Andy, who works for me, is a fully-fledged millennial at the age of 27. He has recently purchased his first home and has therefore been indulging in all sorts of tasks some may have though him incapable of! Here’s what he has to say:
“Since moving into my house in March I’ve certainly sharpened up my practical skills. I’ve been hanging mirrors, tearing up floorboards, putting up coat racks and just recently assembled some garden furniture, despite the indecipherable instructions. I think it’s a fallacy that so-called millennials are useless around the home, like with any generation some people are better at certain tasks than others – being born in the 80s or 90s does not give somebody an allergy to putting up a shelf!”
Commenting on the research, Brian Berry, chief executive of the FMB, said: “Society is wrong to assume that the technical know-how of your typical millennial begins and ends with their smart phone. Well over half of Brits think that those aged 18-34 fall short when it comes to carrying out hands-on tasks around the home. There’s a popular misconception that most young people rely on their parents to complete jobs around the house for them – either through a lack of interest or a lack of ability, or both. However, our research shows that millennials are handier than many give them credit for. Two thirds of young people have hung picture or photo frames on the wall and nearly as many have put together flat-pack furniture and painted something.

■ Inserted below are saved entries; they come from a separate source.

(* For all $n\ge2$ and all $x,y\in\mathbb{H}^n$, $$\mathrm{th}\frac{\rho_{\mathbb{H}^n}(x,y)}{2}\le b_{\mathbb{H}^n,2}(x,y)\le\sqrt2\,\mathrm{th}\frac{\rho_{\mathbb{H}^n}(x,y)}{2},$$ and the constants $1$ and $\sqrt2$ are the best possible.
   Context: $\mathbb{H}^n=\{(x_1,\dots,x_n)\in\mathbb{R}^n:x_n>0\}$ is the upper half-space, and $d_{\mathbb{H}^n}(x)=x_n$ is the distance to its boundary. The hyperbolic metric of $\mathbb{H}^n$ is given by $\mathrm{ch}\,\rho_{\mathbb{H}^n}(x,y)=1+\frac{|x-y|^2}{2d_{\mathbb{H}^n}(x)d_{\mathbb{H}^n}(y)}$. For a domain $G\subsetneq\mathbb{R}^n$ and $p\ge1$, the Barrlund metric is $b_{G,p}(x,y)=\sup_{z\in\partial G}\frac{|x-y|}{(|x-z|^p+|z-y|^p)^{1/p}}$. *)

theory Defs
  imports "HOL-Analysis.Analysis"
begin

text \<open>Upper half-space of a Euclidean space with respect to the coordinate direction e
  (a basis vector playing the role of the last coordinate axis x_n).\<close>
definition upper_half :: "'a::euclidean_space \<Rightarrow> 'a set" where
  "upper_half e = {x. x \<bullet> e > 0}"

definition dH :: "'a::euclidean_space \<Rightarrow> 'a \<Rightarrow> real" where
  "dH e x = x \<bullet> e"

definition rhoH :: "'a::euclidean_space \<Rightarrow> 'a \<Rightarrow> 'a \<Rightarrow> real" where
  "rhoH e x y = arcosh (1 + (dist x y)\<^sup>2 / (2 * dH e x * dH e y))"

definition barrlund :: "'a::euclidean_space set \<Rightarrow> real \<Rightarrow> 'a \<Rightarrow> 'a \<Rightarrow> real" where
  "barrlund G p x y =
     (SUP z\<in>frontier G. dist x y / ((dist x z) powr p + (dist z y) powr p) powr (1 / p))"

end

theory Submission
  imports Defs "HOL-Real_Asymp.Real_Asymp"
begin

(*
  Write a = x\<bullet>e, b = y\<bullet>e and d = |x - y|. Then th(\<rho>(x,y)/2) = d / sqrt (d^2 + 4ab).
  By the parallelogram law |x - z|^2 + |z - y|^2 = 2|z - m|^2 + d^2/2 with m the midpoint of x
  and y, the supremum defining the Barrlund metric is attained at the orthogonal projection
  of m to the boundary hyperplane, which gives b(x,y) = d / sqrt ((d^2 + (a + b)^2) / 2).
  The two inequalities reduce to (a - b)^2 \<le> d^2 and 4ab \<le> (a + b)^2. The upper bound is an
  equality for points at equal height, and on the vertical ray through e the ratio
  b(e, \<beta>e) / th(\<rho>(e, \<beta>e)/2) = (1 + \<beta>) / sqrt (1 + \<beta>^2) tends to 1 as \<beta> \<rightarrow> \<infinity>.
*)

lemma tanh_half_arcosh:
  fixes t :: real
  assumes "t \<ge> 1"
  shows "tanh (arcosh t / 2) = sqrt ((t - 1) / (t + 1))"
proof -
  define v where "v = arcosh t / 2"
  have "t = cosh (2 * v)" using assms by (simp add: v_def)
  then have "t - 1 = 2 * (sinh v)\<^sup>2" and "t + 1 = 2 * (cosh v)\<^sup>2"
    by (simp_all add: cosh_double cosh_square_eq)
  then have "(t - 1) / (t + 1) = (tanh v)\<^sup>2"
    by (simp add: tanh_def power_divide)
  moreover have "v \<ge> 0" using assms by (simp add: v_def)
  ultimately show ?thesis by (simp add: v_def)
qed

lemma frontier_upper_half:
  assumes "e \<noteq> 0"
  shows "frontier (upper_half e) = {z. z \<bullet> e = 0}"
  using frontier_halfspace_gt[of e 0] assms by (simp add: upper_half_def inner_commute)

lemma abs_inner_unit_le_dist:
  fixes x y e :: "'a::real_inner"
  assumes "norm e = 1"
  shows "\<bar>x \<bullet> e - y \<bullet> e\<bar> \<le> dist x y"
  using Cauchy_Schwarz_ineq2[of "x - y" e] assms by (simp add: dist_norm inner_diff_left)

lemma sum_sq_dist_midpoint:
  fixes x y z :: "'a::real_inner"
  shows "(dist x z)\<^sup>2 + (dist z y)\<^sup>2 = 2 * (dist z (midpoint x y))\<^sup>2 + (dist x y)\<^sup>2 / 2"
  unfolding midpoint_def dist_norm power2_norm_eq_inner
  by (simp add: inner_diff_right inner_commute algebra_simps) (simp add: field_simps)

lemma sum_sq_dist_hyperplane_ge:
  fixes x y z e :: "'a::real_inner"
  assumes "norm e = 1" and "z \<bullet> e = 0"
  shows "((dist x y)\<^sup>2 + (x \<bullet> e + y \<bullet> e)\<^sup>2) / 2 \<le> (dist x z)\<^sup>2 + (dist z y)\<^sup>2"
proof -
  have "\<bar>(x \<bullet> e + y \<bullet> e) / 2\<bar> = \<bar>z \<bullet> e - midpoint x y \<bullet> e\<bar>"
    using assms(2) by (simp add: midpoint_def inner_add_left)
  also have "\<dots> \<le> dist z (midpoint x y)"
    using abs_inner_unit_le_dist[OF assms(1)] .
  finally have "((x \<bullet> e + y \<bullet> e) / 2)\<^sup>2 \<le> (dist z (midpoint x y))\<^sup>2"
    by (metis abs_le_square_iff abs_of_nonneg zero_le_dist)
  then show ?thesis
    unfolding sum_sq_dist_midpoint by (simp add: power_divide)
qed

lemma sum_sq_dist_hyperplane_attained:
  fixes x y e :: "'a::real_inner"
  assumes "norm e = 1"
  defines "z \<equiv> midpoint x y - ((x \<bullet> e + y \<bullet> e) / 2) *\<^sub>R e"
  shows "z \<bullet> e = 0"
    and "(dist x z)\<^sup>2 + (dist z y)\<^sup>2 = ((dist x y)\<^sup>2 + (x \<bullet> e + y \<bullet> e)\<^sup>2) / 2"
proof -
  have "e \<bullet> e = 1" using assms(1) by (simp add: norm_eq_1)
  then show "z \<bullet> e = 0"
    by (simp add: z_def midpoint_def inner_add_left inner_diff_left)
  show "(dist x z)\<^sup>2 + (dist z y)\<^sup>2 = ((dist x y)\<^sup>2 + (x \<bullet> e + y \<bullet> e)\<^sup>2) / 2"
    unfolding sum_sq_dist_midpoint
    using assms(1) by (simp add: z_def dist_norm power_divide field_simps)
qed

lemma barrlund_2_eq_SUP:
  "barrlund G 2 x y = (SUP z\<in>frontier G. dist x y / sqrt ((dist x z)\<^sup>2 + (dist z y)\<^sup>2))"
  by (simp add: barrlund_def powr_half_sqrt)

lemma barrlund_upper_half:
  fixes x y e :: "'a::euclidean_space"
  assumes e: "norm e = 1" and "x \<in> upper_half e" and "y \<in> upper_half e"
  shows "barrlund (upper_half e) 2 x y
           = dist x y / sqrt (((dist x y)\<^sup>2 + (x \<bullet> e + y \<bullet> e)\<^sup>2) / 2)"
proof -
  define S where "S = ((dist x y)\<^sup>2 + (x \<bullet> e + y \<bullet> e)\<^sup>2) / 2"
  have "S > 0"
    using assms by (simp add: S_def upper_half_def add_nonneg_pos)
  have "e \<noteq> 0" using e by auto
  have "(SUP z\<in>{z. z \<bullet> e = 0}. dist x y / sqrt ((dist x z)\<^sup>2 + (dist z y)\<^sup>2))
          = dist x y / sqrt S"
  proof (rule cSup_eq_maximum)
    show "dist x y / sqrt S \<in> (\<lambda>z. dist x y / sqrt ((dist x z)\<^sup>2 + (dist z y)\<^sup>2)) ` {z. z \<bullet> e = 0}"
      using sum_sq_dist_hyperplane_attained[OF e, of x y] unfolding S_def by force
  next
    fix w assume "w \<in> (\<lambda>z. dist x y / sqrt ((dist x z)\<^sup>2 + (dist z y)\<^sup>2)) ` {z. z \<bullet> e = 0}"
    then obtain z where "z \<bullet> e = 0" and w: "w = dist x y / sqrt ((dist x z)\<^sup>2 + (dist z y)\<^sup>2)"
      by auto
    then have "sqrt S \<le> sqrt ((dist x z)\<^sup>2 + (dist z y)\<^sup>2)"
      using sum_sq_dist_hyperplane_ge[OF e] by (simp add: S_def)
    then show "w \<le> dist x y / sqrt S"
      unfolding w using \<open>S > 0\<close> by (simp add: divide_left_mono)
  qed
  then show ?thesis
    by (simp add: barrlund_2_eq_SUP frontier_upper_half[OF \<open>e \<noteq> 0\<close>] S_def)
qed

lemma tanh_half_rhoH:
  fixes x y e :: "'a::euclidean_space"
  assumes "x \<in> upper_half e" and "y \<in> upper_half e"
  shows "tanh (rhoH e x y / 2) = dist x y / sqrt ((dist x y)\<^sup>2 + 4 * (x \<bullet> e) * (y \<bullet> e))"
proof -
  define t where "t = 1 + (dist x y)\<^sup>2 / (2 * (x \<bullet> e) * (y \<bullet> e))"
  have pos: "x \<bullet> e > 0" "y \<bullet> e > 0" using assms by (auto simp: upper_half_def)
  then have "t \<ge> 1" by (simp add: t_def)
  have "(t - 1) / (t + 1) = (dist x y)\<^sup>2 / ((dist x y)\<^sup>2 + 4 * (x \<bullet> e) * (y \<bullet> e))"
    using pos by (simp add: t_def field_simps)
  then show ?thesis
    using tanh_half_arcosh[OF \<open>t \<ge> 1\<close>]
    by (simp add: rhoH_def dH_def t_def real_sqrt_divide)
qed

lemma divide_sqrt_antimono:
  fixes u p q :: real
  assumes "u \<ge> 0" and "0 < p" and "p \<le> q"
  shows "u / sqrt q \<le> u / sqrt p"
  using assms by (simp add: divide_left_mono)

lemma tanh_half_rhoH_le_barrlund:
  fixes x y e :: "'a::euclidean_space"
  assumes e: "norm e = 1" and x: "x \<in> upper_half e" and y: "y \<in> upper_half e"
  shows "tanh (rhoH e x y / 2) \<le> barrlund (upper_half e) 2 x y"
proof -
  define a b where "a = x \<bullet> e" and "b = y \<bullet> e"
  have "a > 0" "b > 0" using x y by (auto simp: a_def b_def upper_half_def)
  have "(a - b)\<^sup>2 \<le> (dist x y)\<^sup>2"
    using abs_inner_unit_le_dist[OF e, of x y] unfolding a_def b_def
    by (metis abs_le_square_iff abs_of_nonneg zero_le_dist)
  then have "((dist x y)\<^sup>2 + (a + b)\<^sup>2) / 2 \<le> (dist x y)\<^sup>2 + 4 * a * b"
    using mult_pos_pos[OF \<open>a > 0\<close> \<open>b > 0\<close>] by (simp add: power2_eq_square algebra_simps)
  then show ?thesis
    using \<open>a > 0\<close> \<open>b > 0\<close>
    by (simp add: tanh_half_rhoH[OF x y] barrlund_upper_half[OF e x y] a_def b_def
        divide_sqrt_antimono add_nonneg_pos)
qed

lemma barrlund_le_sqrt2_tanh_half_rhoH:
  fixes x y e :: "'a::euclidean_space"
  assumes e: "norm e = 1" and x: "x \<in> upper_half e" and y: "y \<in> upper_half e"
  shows "barrlund (upper_half e) 2 x y \<le> sqrt 2 * tanh (rhoH e x y / 2)"
proof -
  define a b where "a = x \<bullet> e" and "b = y \<bullet> e"
  have "a > 0" "b > 0" using x y by (auto simp: a_def b_def upper_half_def)
  have "4 * a * b \<le> (a + b)\<^sup>2"
    using sum_squares_ge_zero[of "a - b" 0] by (simp add: power2_eq_square algebra_simps)
  then have "((dist x y)\<^sup>2 + 4 * a * b) / 2 \<le> ((dist x y)\<^sup>2 + (a + b)\<^sup>2) / 2"
    by simp
  then have "barrlund (upper_half e) 2 x y \<le> dist x y / sqrt (((dist x y)\<^sup>2 + 4 * a * b) / 2)"
    using \<open>a > 0\<close> \<open>b > 0\<close>
    by (simp add: barrlund_upper_half[OF e x y] a_def b_def divide_sqrt_antimono add_nonneg_pos)
  then show ?thesis
    by (simp add: tanh_half_rhoH[OF x y] a_def b_def real_sqrt_divide mult_ac)
qed

lemma barrlund_eq_sqrt2_tanh_half_rhoH:
  fixes x y e :: "'a::euclidean_space"
  assumes e: "norm e = 1" and x: "x \<in> upper_half e" and y: "y \<in> upper_half e"
    and "x \<bullet> e = y \<bullet> e"
  shows "barrlund (upper_half e) 2 x y = sqrt 2 * tanh (rhoH e x y / 2)"
  using assms by (simp add: barrlund_upper_half tanh_half_rhoH real_sqrt_divide power2_eq_square mult_ac)

lemma barrlund_upper_half_vertical:
  fixes e :: "'a::euclidean_space"
  assumes e: "norm e = 1" and "\<beta> > 0"
  shows "barrlund (upper_half e) 2 e (\<beta> *\<^sub>R e)
           = (1 + \<beta>) / sqrt (1 + \<beta>\<^sup>2) * tanh (rhoH e e (\<beta> *\<^sub>R e) / 2)"
proof -
  have ee: "e \<bullet> e = 1" using e by (simp add: norm_eq_1)
  have x: "e \<in> upper_half e" and y: "\<beta> *\<^sub>R e \<in> upper_half e"
    using ee \<open>\<beta> > 0\<close> by (simp_all add: upper_half_def)
  have "e - \<beta> *\<^sub>R e = (1 - \<beta>) *\<^sub>R e"
    by (simp add: algebra_simps)
  then have d: "dist e (\<beta> *\<^sub>R e) = \<bar>1 - \<beta>\<bar>"
    using e by (simp add: dist_norm)
  have "((1 - \<beta>)\<^sup>2 + (1 + \<beta>)\<^sup>2) / 2 = 1 + \<beta>\<^sup>2" and "(1 - \<beta>)\<^sup>2 + 4 * \<beta> = (1 + \<beta>)\<^sup>2"
    by (simp_all add: power2_eq_square algebra_simps)
  then show ?thesis
    using \<open>\<beta> > 0\<close>
    by (simp add: barrlund_upper_half[OF e x y] tanh_half_rhoH[OF x y] d ee)
qed

lemma tanh_half_rhoH_pos:
  fixes x y e :: "'a::euclidean_space"
  assumes "x \<in> upper_half e" and "y \<in> upper_half e" and "x \<noteq> y"
  shows "tanh (rhoH e x y / 2) > 0"
proof -
  have "x \<bullet> e > 0" "y \<bullet> e > 0" using assms by (auto simp: upper_half_def)
  then have "(dist x y)\<^sup>2 + 4 * (x \<bullet> e) * (y \<bullet> e) > 0"
    by (simp add: add_nonneg_pos)
  then show ?thesis
    using assms by (simp add: tanh_half_rhoH)
qed

lemma ex_barrlund_lt_const_tanh_half_rhoH:
  fixes e :: "'a::euclidean_space"
  assumes e: "norm e = 1" and "c > 1"
  shows "\<exists>x\<in>upper_half e. \<exists>y\<in>upper_half e.
           barrlund (upper_half e) 2 x y < c * tanh (rhoH e x y / 2)"
proof -
  have "((\<lambda>\<beta>::real. (1 + \<beta>) / sqrt (1 + \<beta>\<^sup>2)) \<longlongrightarrow> 1) at_top"
    by real_asymp
  then have "\<forall>\<^sub>F \<beta> in at_top. (1 + \<beta>) / sqrt (1 + \<beta>\<^sup>2) < c \<and> \<beta> > 1"
    using \<open>c > 1\<close> by (intro eventually_conj order_tendstoD(2) eventually_gt_at_top)
  then obtain \<beta> where ratio: "(1 + \<beta>) / sqrt (1 + \<beta>\<^sup>2) < c" and "\<beta> > 1"
    using eventually_happens'[OF trivial_limit_at_top_linorder] by blast
  have ee: "e \<bullet> e = 1" using e by (simp add: norm_eq_1)
  have x: "e \<in> upper_half e" and y: "\<beta> *\<^sub>R e \<in> upper_half e"
    using \<open>\<beta> > 1\<close> ee by (simp_all add: upper_half_def)
  have "norm (\<beta> *\<^sub>R e) \<noteq> norm e"
    using \<open>\<beta> > 1\<close> e by simp
  then have "e \<noteq> \<beta> *\<^sub>R e" by metis
  have "barrlund (upper_half e) 2 e (\<beta> *\<^sub>R e)
          = (1 + \<beta>) / sqrt (1 + \<beta>\<^sup>2) * tanh (rhoH e e (\<beta> *\<^sub>R e) / 2)"
    using barrlund_upper_half_vertical[OF e] \<open>\<beta> > 1\<close> by simp
  also have "\<dots> < c * tanh (rhoH e e (\<beta> *\<^sub>R e) / 2)"
    using ratio tanh_half_rhoH_pos[OF x y \<open>e \<noteq> \<beta> *\<^sub>R e\<close>] by (rule mult_strict_right_mono)
  finally show ?thesis using x y by blast
qed

lemma ex_const_tanh_half_rhoH_lt_barrlund:
  fixes e u :: "'a::euclidean_space"
  assumes e: "norm e = 1" and "u \<noteq> 0" and "u \<bullet> e = 0" and "c < sqrt 2"
  shows "\<exists>x\<in>upper_half e. \<exists>y\<in>upper_half e.
           c * tanh (rhoH e x y / 2) < barrlund (upper_half e) 2 x y"
proof -
  have ee: "e \<bullet> e = 1" using e by (simp add: norm_eq_1)
  then have x: "e \<in> upper_half e" and y: "e + u \<in> upper_half e"
    and level: "e \<bullet> e = (e + u) \<bullet> e"
    using \<open>u \<bullet> e = 0\<close> by (simp_all add: upper_half_def inner_add_left)
  have "e \<noteq> e + u" using \<open>u \<noteq> 0\<close> by simp
  have "c * tanh (rhoH e e (e + u) / 2) < sqrt 2 * tanh (rhoH e e (e + u) / 2)"
    using \<open>c < sqrt 2\<close> tanh_half_rhoH_pos[OF x y \<open>e \<noteq> e + u\<close>] by (rule mult_strict_right_mono)
  also have "\<dots> = barrlund (upper_half e) 2 e (e + u)"
    using barrlund_eq_sqrt2_tanh_half_rhoH[OF e x y level] ..
  finally show ?thesis using x y by blast
qed

lemma ex_Basis_orthogonal:
  fixes e :: "'a::euclidean_space"
  assumes "e \<in> Basis" and "DIM('a) \<ge> 2"
  obtains u where "u \<noteq> 0" and "u \<bullet> e = 0"
proof -
  have "\<not> (Basis :: 'a set) \<subseteq> {e}"
  proof
    assume "(Basis :: 'a set) \<subseteq> {e}"
    then have "DIM('a) \<le> card {e}" by (intro card_mono) auto
    with assms(2) show False by simp
  qed
  then obtain u where "u \<in> Basis" and "u \<noteq> e" by blast
  with assms(1) show thesis
    using that[of u] by (simp add: inner_not_same_Basis nonzero_Basis)
qed

theorem lemma3p7:
  fixes e :: "'a::euclidean_space"
  assumes "e \<in> Basis" and "DIM('a) \<ge> 2"
  shows "(\<forall>x\<in>upper_half e. \<forall>y\<in>upper_half e.
            tanh (rhoH e x y / 2) \<le> barrlund (upper_half e) 2 x y \<and>
            barrlund (upper_half e) 2 x y \<le> sqrt 2 * tanh (rhoH e x y / 2))
       \<and> (\<forall>c>1. \<exists>x\<in>upper_half e. \<exists>y\<in>upper_half e.
            barrlund (upper_half e) 2 x y < c * tanh (rhoH e x y / 2))
       \<and> (\<forall>c<sqrt 2. \<exists>x\<in>upper_half e. \<exists>y\<in>upper_half e.
            c * tanh (rhoH e x y / 2) < barrlund (upper_half e) 2 x y)"
proof -
  have e: "norm e = 1" using assms(1) by simp
  obtain u where "u \<noteq> 0" and "u \<bullet> e = 0"
    using ex_Basis_orthogonal[OF assms] .
  then show ?thesis
    using tanh_half_rhoH_le_barrlund[OF e] barrlund_le_sqrt2_tanh_half_rhoH[OF e]
      ex_barrlund_lt_const_tanh_half_rhoH[OF e] ex_const_tanh_half_rhoH_lt_barrlund[OF e]
    by blast
qed

end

It’s particularly impressive that half of all young people have been proactive enough to watch a DIY ‘how to’ online video rather than waiting for someone they know to show them or complete the task on their behalf.”
Berry concluded: “Although we applaud young people for getting stuck in, it’s important that all generations know their limits when it comes to DIY and home improvements. It’s one thing bleeding a radiator and quite another attempting to knock down a wall or removing a structural beam. Our advice is to refrain from undertaking tasks that are better performed by a professional builder.”